The effects of NPs in spreading nanofluids, dynamically wetting and dewetting solid substrates and proposed mechanisms to interpret this behavior have been discussed by Sefiane et al [7]. The observed synergistic effect of silica NPs with nonionic and/or cationic surfactants in the formation and stabilization of submicron oil-in-water dispersions was attributed to the adsorption of surfactant on solid particles, resulting in a change in particle wettability [8]. Although the effects of NPs, or in combination with surfactants, on reducing the surface forces, resulting in the alteration of the dynamic wettability of solid substrates and the oil–water IFT, have been investigated, this has predominantly been directed towards emulsion stabilization [9–12]. Recently, Hung et al [13] have announced that NPs can be used for the formation of fine fixation and in improving the performance of surfactant structure fluids during propane treatment.
Enhanced oil recovery is always an important direction for the oil and gas industry worldwide, especially now when fossil energy resources have become much more expensive for production and discovery.

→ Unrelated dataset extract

(* Let $\Theta$ be a convex overmarked box and $(\varepsilon,\delta)\in\mathbb{R}^2$. Then the convex interior of $\sigma_{(\varepsilon,\delta)}(\Theta)$ is contained in the convex interior of $\Theta$ if and only if $(\varepsilon,\delta)\in\mathcal{R}$.
   Context: Let $V$ be a 3-dimensional real vector space. An overmarked box is $\Theta=((p,q,r,s;t,b),(P,Q,R,S;T,B))$ with $p,\dots,b\in\mathbf{P}(V)$ and lines $P,\dots,B$ of $\mathbf{P}(V)$ such that $P=ts$, $Q=tr$, $R=bq$, $S=bp$, $T=pq$, $B=rs$ (here $xy$ is the line through $x,y$) and $T\cap B\notin\{p,q,r,s,t,b\}$. A $\Theta$-basis is a basis of $V$, unique up to scaling, in which $p=[-1:1:0]$, $q=[1:1:0]$, $r=[1:0:1]$, $s=[-1:0:1]$; then $t=[\zeta_t:1:0]$ and $b=[\zeta_b:0:1]$; $\Theta$ is convex iff $\zeta_t,\zeta_b\in\,]-1,1[$. The convex interior of a convex $\Theta$ is the interior of the convex quadrilateral with vertices $p,q,r,s$ (in this cyclic order) whose sides $[pq]\ni t$ and $[rs]\ni b$; in $\Theta$-basis coordinates it is $\{[x:y:z]: y+z\ne0,\ |x|<|y+z|,\ |y-z|<|y+z|\}$. For $(\varepsilon,\delta)\in\mathbb{R}^2$ let $$\Sigma_{(\varepsilon,\delta)}=\begin{pmatrix}1&0&0\\0&e^{-\delta}\cosh\varepsilon&-\sinh\varepsilon\\0&-\sinh\varepsilon&e^{\delta}\cosh\varepsilon\end{pmatrix},$$ and $\sigma_{(\varepsilon,\delta)}(\Theta)$ the image of $\Theta$ under the projective transformation with matrix $\Sigma_{(\varepsilon,\delta)}$ in a $\Theta$-basis (its convex interior is the image of that of $\Theta$). Let $f(\varepsilon,\delta)=e^{-\delta}\cosh\varepsilon-\sinh\varepsilon-1$ and $\mathcal{R}=\{(\varepsilon,\delta)\in\mathbb{R}^2:f(\varepsilon,\delta)\ge0,\ f(\varepsilon,-\delta)\ge0\}$. *)

theory Defs
  imports "HOL-Analysis.Analysis"
begin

In addition to the results obtained from the work on the effects of NPs and surfactants in emulsion stabilization, and the transportation of nanofluids in porous media, further systematic studies are needed to fully understand the interaction of phases existing in the reservoir medium in order to find potential application in oilfields.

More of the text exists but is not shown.